Старыгин вспомнил вчерашнюю встречу с цыганами, вспомнил странное гадание, которое сегодня удивительным образом подтвердилось. Вспомнил и испуг гадалки, когда она увидела его самого, панику, внезапно охватившую цыган… он хотел было рассказать об этом старику, но что-то его удержало, и вместо этого Дмитрий Алексеевич спросил:
– Как вы об этом узнали? Вы что-то услышали? Я ничего не слышу!
– Конечно, не слышишь, – кивнул старик. – Твой слух занят голосами суеты и беспокойства, шумом повседневных забот и мелких неурядиц. Я же живу спокойно, меня почти ничто не тревожит. Я слушаю только горный ветер и журчание ручьев, которые прекрасны и неизменны, поэтому, когда в этих горах происходит что-то необычное, я слышу это в голосе ветра. Так волк за многие мили слышит шаги оленя, так олень чует волка, бегущего по дальней тропе. Кроме того, я сам – такой же вечный скиталец, как цыгане, поэтому я издалека чувствую их беспокойство…

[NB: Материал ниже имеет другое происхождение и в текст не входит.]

(* Let $(M,\mathcal{T})$ be a closed pseudo 3-manifold with edge set $E$. For any initial generalized decorated metric $l_0\in\mathbb{R}^E$, there exists a unique solution $\{l(t)\mid t\in[0,\infty)\}\subset\mathbb{R}^E$ to the extended Ricci flow $$\frac{d}{dt}l(t)=\widetilde{K}(l(t)),\quad t\ge 0,\qquad l(0)=l_0.$$
   Context: Pseudo 3-manifold: take finitely many tetrahedra $T_1,\dots,T_t$ and let $\mathscr{T}=T_1\sqcup\cdots\sqcup T_t$. The quotient $(M,\mathcal{T})=\mathscr{T}/\sim$ by a family of affine isomorphisms pairing faces of the tetrahedra is a compact pseudo 3-manifold with triangulation $\mathcal{T}$; it is closed if every 2-dimensional face of a tetrahedron in $\mathscr{T}$ is identified with another such face. $V$ and $E$ denote the sets of (equivalence classes of) vertices and edges of $\mathcal{T}$. For a tetrahedron $\sigma$ of $\mathscr{T}$ with vertices $v_1,\dots,v_4$ and $l\in\mathbb{R}^E$, let $l_\sigma=(l_{12},\dots,l_{34})\in\mathbb{R}^6$ where $l_{ij}=l(\text{class of }v_iv_j)$. Generalized Euclidean triangle angles: for $(x_1,x_2,x_3)\in\mathbb{R}^3_{>0}$, if strict triangle inequalities hold, $a_i$ is the inner angle of the Euclidean triangle with side lengths $x_1,x_2,x_3$ opposite to the side of length $x_i$; if $x_i\ge x_j+x_k$ ($\{i,j,k\}=\{1,2,3\}$), then $a_i=\pi$, $a_j=a_k=0$. Extended dihedral angles: for $l=(l_{12},\dots,l_{34})\in\mathbb{R}^6$ (with $l_{ij}=l_{ji}$) and $\{i,j,k,h\}=\{1,2,3,4\}$, $\alpha_{ij}(l)$ is the generalized angle opposite to the side of length $e^{(l_{ij}+l_{kh})/2}$ in the generalized Euclidean triangle with side lengths $e^{(l_{ij}+l_{kh})/2}, e^{(l_{ik}+l_{jh})/2}, e^{(l_{ih}+l_{jk})/2}$. (When strict triangle inequalities hold, these are the dihedral angles of the decorated ideal hyperbolic tetrahedron with signed edge lengths $l_{ij}$.) A generalized decorated metric is any $l\in\mathbb{R}^E$. Its generalized Ricci curvature at $e\in E$ is $\widetilde{K}_e(l)=2\pi-\sum \alpha_{ij}(l_\sigma)$, the sum over all pairs $(\sigma, v_iv_j)$ with $\sigma$ a tetrahedron of $\mathscr{T}$ and $v_iv_j$ an edge of $\sigma$ lying in the class $e$; $\widetilde K(l)=(\widetilde K_e(l))_{e\in E}$. *)

theory Defs
  imports Complex_Main
begin
theorem theorem2p6:
  fixes k :: "cseq set" and \<alpha> :: "'g::ab_group_add \<Rightarrow> cseq"
  assumes k: "base_field_ok k"
    and alpha_k: "\<forall>g. \<alpha> g \<in> k"
    and alpha_fin: "finite {g. \<alpha> g \<noteq> (\<lambda>_. 0)}"
  shows
    "(\<forall>s\<in>Sol_c \<alpha> (Lc k \<alpha>). \<forall>s'\<in>Sol_c \<alpha> (Lc k \<alpha>). \<forall>a b::complex.
        (\<lambda>g t. a * s g t + b * s' g t) \<in> Sol_c \<alpha> (Lc k \<alpha>) \<and>
        fourier (\<lambda>g t. a * s g t + b * s' g t) = (\<lambda>t g. a * fourier s t g + b * fourier s' t g))
     \<and> (\<forall>s\<in>Sol_c \<alpha> (Lc k \<alpha>). \<forall>h. act_fun s h \<in> Sol_c \<alpha> (Lc k \<alpha>) \<and>
          fourier (act_fun s h) = act_fourier (fourier s) h)
     \<and> (\<forall>P\<in>target \<alpha>. \<forall>h. act_fourier P h \<in> target \<alpha>)
     \<and> bij_betw fourier (Sol_c \<alpha> (Lc k \<alpha>)) (target \<alpha>)"
  unfolding Sol_c_Lc
proof (intro conjI ballI allI)
  show "(\<lambda>g t. a * s g t + b * s' g t) \<in> fin_sols \<alpha>"
    if "s \<in> fin_sols \<alpha>" "s' \<in> fin_sols \<alpha>" for s s' a b
    using fin_sols_lincomb[OF alpha_fin that] .
  show "act_fun s h \<in> fin_sols \<alpha>" if "s \<in> fin_sols \<alpha>" for s h
    using fin_sols_act_fun[OF alpha_fin that] .
  show "bij_betw fourier (fin_sols \<alpha>) (target \<alpha>)"
    unfolding bij_betw_def
    using inj_on_subset[OF inj_fourier subset_UNIV] fourier_fin_sols[OF alpha_fin] ..
  show "act_fourier P h \<in> target \<alpha>" if "P \<in> target \<alpha>" for P h
    using act_fourier_target[OF that] .
qed (rule fourier_lincomb fourier_act_fun)+

end
(* Let $G=C_{2n}(a,n)$ with $a\in\{1,2\}$ be a connected cubic circulant graph and $\mathbf e=(e_1,\ldots,e_{t-1})$ a tuple of (possibly repeated) edges of $G$. Assume that $G_{\mathbf e}$ has a loop at the vertex $j$. Then $\{j,v\}\in E(G_{\mathbf e})$ for all $v\in V(G)$.
   Context: For integers $1\le a<n$, $C_{2n}(a,n)$ is the simple graph on vertex set $[2n]$ in which distinct vertices $i,j$ are adjacent iff $|i-j|\in\{a,n,2n-a\}$. Two vertices $u,v$ (possibly $u=v$) are even-connected with respect to $\mathbf e$ if there is a walk $p_0p_1\cdots p_{2k+1}$, $k\ge1$, in $G$ with $p_0=u$, $p_{2k+1}=v$, each $\{p_r,p_{r+1}\}$ ($0\le r\le 2k$) an edge of $G$, each $\{p_{2l+1},p_{2l+2}\}$ ($0\le l\le k-1$) equal to some $e_i$, and for every $i$ the number of $l$ with $\{p_{2l+1},p_{2l+2}\}=e_i$ is at most the number of indices $j$ with $e_j=e_i$. $G_{\mathbf e}$ is the graph (possibly with loops) on $V(G)$ with edge set $E(G)\cup\{\{u,v\}\mid u,v \text{ even-connected with respect to } \mathbf e\}$; a loop at $j$ means $\{j,j\}\in E(G_{\mathbf e})$. *)

theory Defs
  imports Main
begin

definition circ_vertices :: "nat \<Rightarrow> nat set" where
  "circ_vertices n = {1..2*n}"

definition circ_adj :: "nat \<Rightarrow> nat \<Rightarrow> nat \<Rightarrow> nat \<Rightarrow> bool" where
  "circ_adj n a i j \<longleftrightarrow> i \<in> circ_vertices n \<and> j \<in> circ_vertices n \<and> i \<noteq> j
     \<and> nat \<bar>int i - int j\<bar> \<in> {a, n, 2*n - a}"

definition edges_of :: "('v \<Rightarrow> 'v \<Rightarrow> bool) \<Rightarrow> 'v set set" where
  "edges_of adj = {{u, v} | u v. adj u v}"

definition graph_connected :: "'v set \<Rightarrow> ('v \<Rightarrow> 'v \<Rightarrow> bool) \<Rightarrow> bool" where
  "graph_connected V adj \<longleftrightarrow> (\<forall>u\<in>V. \<forall>v\<in>V. adj\<^sup>*\<^sup>* u v)"

definition graph_cubic :: "'v set \<Rightarrow> ('v \<Rightarrow> 'v \<Rightarrow> bool) \<Rightarrow> bool" where
  "graph_cubic V adj \<longleftrightarrow> (\<forall>v\<in>V. card {u. adj v u} = 3)"

text \<open>Even-connectedness of u and v with respect to the tuple es = (e_1,...,e_{t-1})
  (a list of edges): a walk p_0 p_1 ... p_{2k+1}, k \<ge> 1, from u to v in the graph,
  whose odd steps {p_{2l+1}, p_{2l+2}} are among the e_i, each e_i used at most as
  often as it occurs in es.\<close>
definition even_connected ::
  "('v \<Rightarrow> 'v \<Rightarrow> bool) \<Rightarrow> 'v set list \<Rightarrow> 'v \<Rightarrow> 'v \<Rightarrow> bool" where
  "even_connected adj es u v \<longleftrightarrow>
     (\<exists>p :: 'v list. \<exists>k :: nat. k \<ge> 1 \<and> length p = 2*k + 2 \<and>
        p ! 0 = u \<and> p ! (2*k + 1) = v \<and>
        (\<forall>r \<le> 2*k. {p ! r, p ! (r+1)} \<in> edges_of adj) \<and>
        (\<forall>l < k. {p ! (2*l+1), p ! (2*l+2)} \<in> set es) \<and>
        (\<forall>i < length es.
           card {l. l < k \<and> {p ! (2*l+1), p ! (2*l+2)} = es ! i}
             \<le> card {j. j < length es \<and> es ! j = es ! i}))"

text \<open>Edge set of G_e (loops appear as singleton sets {j,j} = {j}).\<close>
definition edges_Ge :: "('v \<Rightarrow> 'v \<Rightarrow> bool) \<Rightarrow> 'v set list \<Rightarrow> 'v set set" where
  "edges_Ge adj es = edges_of adj \<union> {{u, v} | u v. even_connected adj es u v}"

end

theory Submission
  imports Defs
begin

text \<open>A loop at \<open>j\<close> is a closed walk \<open>j = p_0, ..., p_(2k+1) = j\<close> of odd length whose
  odd-numbered steps are drawn from \<open>e\<close>. If some \<open>p_i\<close> is adjacent to \<open>v\<close>, then a prefix of this
  walk or of its reversal, followed by the edge \<open>p_i v\<close>, is a walk of the same kind from \<open>j\<close> to
  \<open>v\<close> (or just the edge \<open>j v\<close> when \<open>i = 0\<close>). Such a \<open>p_i\<close> exists for every \<open>v \<noteq> j\<close>. For
  \<open>a = 1\<close> the graph is a Moebius ladder, and for \<open>a = 2\<close> connectivity forces \<open>n\<close> to be odd
  and the graph is a prism over an \<open>n\<close>-cycle; either way, deleting the rung \<open>{v, v + n}\<close> leaves
  a ladder, which is bipartite. So the odd closed walk passes through \<open>v\<close> or its antipode,
  both of which lie in the closed neighbourhood of \<open>v\<close>.\<close>

lemma doubleton_in_edges_of_iff:
  assumes "symp adj"
  shows "{x, y} \<in> edges_of adj \<longleftrightarrow> adj x y"
  using assms unfolding edges_of_def by (auto simp: doubleton_eq_iff dest: sympD)

definition even_walk :: "('v \<Rightarrow> 'v \<Rightarrow> bool) \<Rightarrow> 'v set list \<Rightarrow> nat \<Rightarrow> 'v list \<Rightarrow> bool" where
  "even_walk adj es k p \<longleftrightarrow> length p = 2*k + 2 \<and>
     (\<forall>r \<le> 2*k. {p ! r, p ! (r+1)} \<in> edges_of adj) \<and>
     (\<forall>l < k. {p ! (2*l+1), p ! (2*l+2)} \<in> set es) \<and>
     (\<forall>i < length es.
        card {l. l < k \<and> {p ! (2*l+1), p ! (2*l+2)} = es ! i}
          \<le> card {j. j < length es \<and> es ! j = es ! i})"

lemma even_connected_iff_even_walk:
  "even_connected adj es u v \<longleftrightarrow>
     (\<exists>p k. 1 \<le> k \<and> even_walk adj es k p \<and> p ! 0 = u \<and> p ! (2*k+1) = v)"
  unfolding even_connected_def even_walk_def by blast

lemma even_walk_reindex:
  assumes "even_walk adj es k p" "length q = 2*k' + 2"
    "\<forall>r \<le> 2*k'. {q ! r, q ! (r+1)} \<in> edges_of adj"
    "inj_on f {..<k'}"
    "\<forall>l < k'. f l < k \<and> {q ! (2*l+1), q ! (2*l+2)} = {p ! (2*f l+1), p ! (2*f l+2)}"
  shows "even_walk adj es k' q"
  unfolding even_walk_def
proof (intro conjI allI impI)
  show "length q = 2*k' + 2" "\<And>r. r \<le> 2*k' \<Longrightarrow> {q ! r, q ! (r+1)} \<in> edges_of adj"
    using assms(2,3) by auto
  show "{q ! (2*l+1), q ! (2*l+2)} \<in> set es" if "l < k'" for l
  proof -
    have "f l < k" "{q ! (2*l+1), q ! (2*l+2)} = {p ! (2*f l+1), p ! (2*f l+2)}"
      using assms(5) that by auto
    then show ?thesis using assms(1) unfolding even_walk_def by auto
  qed
  fix i assume i: "i < length es"
  let ?Q = "{l. l < k' \<and> {q ! (2*l+1), q ! (2*l+2)} = es ! i}"
  let ?P = "{l. l < k \<and> {p ! (2*l+1), p ! (2*l+2)} = es ! i}"
  have "card ?Q = card (f ` ?Q)"
    by (intro card_image[symmetric] inj_on_subset[OF assms(4)]) auto
  also have "\<dots> \<le> card ?P"
    using assms(5) by (intro card_mono) auto
  also have "\<dots> \<le> card {j. j < length es \<and> es ! j = es ! i}"
    using assms(1) i unfolding even_walk_def by blast
  finally show "card ?Q \<le> card {j. j < length es \<and> es ! j = es ! i}" .
qed

lemma even_walk_rev:
  assumes "even_walk adj es k p"
  shows "even_walk adj es k (rev p)"
proof (rule even_walk_reindex[OF assms, where f = "\<lambda>l. k - 1 - l"])
  have len: "length p = 2*k + 2" using assms unfolding even_walk_def by blast
  then have rev_nth': "rev p ! r = p ! (2*k + 1 - r)" if "r \<le> 2*k + 1" for r
    using that by (simp add: rev_nth)
  show "length (rev p) = 2*k + 2" using len by simp
  show "\<forall>r \<le> 2*k. {rev p ! r, rev p ! (r+1)} \<in> edges_of adj"
  proof (intro allI impI)
    fix r assume r: "r \<le> 2*k"
    have "{p ! (2*k - r), p ! (2*k - r + 1)} \<in> edges_of adj"
      using assms unfolding even_walk_def by simp
    moreover have "2*k - r + 1 = 2*k + 1 - r" "2*k + 1 - (r+1) = 2*k - r" using r by auto
    ultimately show "{rev p ! r, rev p ! (r+1)} \<in> edges_of adj"
      using r by (simp add: rev_nth' insert_commute)
  qed
  show "inj_on (\<lambda>l. k - 1 - l) {..<k}" by (auto simp: inj_on_def)
  show "\<forall>l < k. k - 1 - l < k \<and>
    {rev p ! (2*l+1), rev p ! (2*l+2)} = {p ! (2*(k-1-l)+1), p ! (2*(k-1-l)+2)}"
  proof (intro allI impI conjI)
    fix l assume l: "l < k"
    then show "k - 1 - l < k" by simp
    have "2*k + 1 - (2*l+1) = 2*(k-1-l)+2" "2*k + 1 - (2*l+2) = 2*(k-1-l)+1" using l by auto
    then show "{rev p ! (2*l+1), rev p ! (2*l+2)} = {p ! (2*(k-1-l)+1), p ! (2*(k-1-l)+2)}"
      using l by (simp add: rev_nth' insert_commute)
  qed
qed

lemma even_walk_prefix_step:
  assumes "even_walk adj es k p" "m \<le> k" "adj (p ! (2*m)) v"
  shows "even_walk adj es m (take (2*m+1) p @ [v])"
proof -
  define q where "q = take (2*m+1) p @ [v]"
  have "length p = 2*k + 2" using assms(1) unfolding even_walk_def by blast
  then have len: "length q = 2*m + 2" and q_prefix: "\<And>r. r \<le> 2*m \<Longrightarrow> q ! r = p ! r"
    and q_last: "q ! (2*m+1) = v"
    using assms(2) by (auto simp: q_def nth_append)
  have "\<forall>r \<le> 2*m. {q ! r, q ! (r+1)} \<in> edges_of adj"
  proof (intro allI impI)
    fix r assume r: "r \<le> 2*m"
    show "{q ! r, q ! (r+1)} \<in> edges_of adj"
    proof (cases "r = 2*m")
      case True then show ?thesis using assms(3) q_last by (auto simp: q_prefix edges_of_def)
    next
      case False then show ?thesis using assms(1,2) r by (auto simp: q_prefix even_walk_def)
    qed
  qed
  moreover have
    "\<forall>l < m. id l < k \<and> {q ! (2*l+1), q ! (2*l+2)} = {p ! (2*id l+1), p ! (2*id l+2)}"
    using assms(2) by (auto simp: q_prefix)
  ultimately have "even_walk adj es m q"
    by (intro even_walk_reindex[OF assms(1) len, of id]) auto
  then show ?thesis by (simp add: q_def)
qed

lemma closed_even_walk_extend:
  assumes walk: "even_walk adj es k p" "1 \<le> k" "p ! 0 = j" "p ! (2*k+1) = j"
    and i: "i \<le> 2*k+1" "adj (p ! i) v"
  shows "adj j v \<or> even_connected adj es j v"
proof -
  have from_even_index: "adj j v \<or> even_connected adj es j v"
    if "even_walk adj es k q" "q ! 0 = j" "m \<le> k" "adj (q ! (2*m)) v" for q m
  proof (cases "m = 0")
    case True then show ?thesis using that by simp
  next
    case False
    have "even_walk adj es m (take (2*m+1) q @ [v])"
      using even_walk_prefix_step[OF that(1,3,4)] .
    moreover have "length q = 2*k + 2" using that(1) unfolding even_walk_def by blast
    ultimately have "even_connected adj es j v"
      unfolding even_connected_iff_even_walk using False that(2,3)
      by (intro exI[of _ "take (2*m+1) q @ [v]"] exI[of _ m]) (auto simp: nth_append)
    then show ?thesis ..
  qed
  show ?thesis
  proof (cases "even i")
    case True
    then obtain m where "i = 2*m" by blast
    moreover from this have "m \<le> k" using i(1) by simp
    ultimately show ?thesis using from_even_index[OF walk(1,3)] i(2) by simp
  next
    case False
    then obtain m where m: "i = 2*m + 1" by (blast elim: oddE)
    have "length p = 2*k + 2" using walk(1) unfolding even_walk_def by blast
    moreover have "2*k + 1 - 2*(k - m) = i" using i(1) m by simp
    ultimately have "rev p ! 0 = j" "rev p ! (2*(k - m)) = p ! i"
      using walk(4) by (auto simp: rev_nth)
    then show ?thesis using from_even_index[OF even_walk_rev[OF walk(1)], of "k - m"] i(2) by simp
  qed
qed

lemma odd_closed_walk_meets:
  fixes c :: "'v \<Rightarrow> bool"
  assumes steps: "\<forall>r \<le> 2*k. adj (p ! r) (p ! (r+1))" and closed: "p ! (2*k+1) = p ! 0"
    and proper: "\<And>x y. adj x y \<Longrightarrow> x \<notin> S \<Longrightarrow> y \<notin> S \<Longrightarrow> c x \<noteq> c y"
  shows "\<exists>i \<le> 2*k+1. p ! i \<in> S"
proof (rule ccontr)
  assume "\<not> ?thesis"
  then have "c (p ! i) = (c (p ! 0) = even i)" if "i \<le> 2*k+1" for i
    using that by (induction i) (use steps proper in auto)
  from this[of "2*k+1"] show False using closed by simp
qed

lemma circ_adj_symp: "symp (circ_adj n a)"
  unfolding circ_adj_def by (intro sympI) (auto simp: abs_minus_commute)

Лоб старика пересекла глубокая морщина, но он снова склонился над книгой и продолжил чтение:
– «Визирь немедленно удалился в сокровищницу, и отсутствовал недолго, и вскоре вернулся к нам. В руках его был драгоценный ларец из панциря черепахи, украшенный перламутром и самоцветами, золотом и жемчугами. Поставив ларец на ковер у ног хана, он коснулся лбом пола и проговорил:
– О, владыка людей и обладатель сокровищ! Если будет на то твоя высокая воля, дай твоему смиренному рабу ключи от ларца и шкатулки со Священной Чашей!
И хан поднялся со своего возвышения, и достал из-под одежды дорогой медальон, висящий на золотой цепочке, и открыл его, и достал оттуда два маленьких ключа. И поцеловал эти ключи, как правоверные целуют святыни, и протянул ключи своему визирю…»
Со Старыгиным творилось что-то непонятное. Слова старика, словно дурманящий напиток, проникали в его мозг, обволакивали его, притупляя внимание, вызывая странное головокружение. Воздух в комнате начал дрожать и колебаться, словно в жаркий день над разогретым асфальтом. Стены хижины медленно пришли в движение, начали менять свою форму и очертания. Старыгин, пытаясь сосредоточиться, вспомнил, что нечто подобное он испытал несколько дней назад, в Малаге, в тот вечер, когда встретил Педро… или ему только привиделась эта встреча?
И запах… запах в хижине старика был такой же, как тогда, в отеле… странный, одуряющий…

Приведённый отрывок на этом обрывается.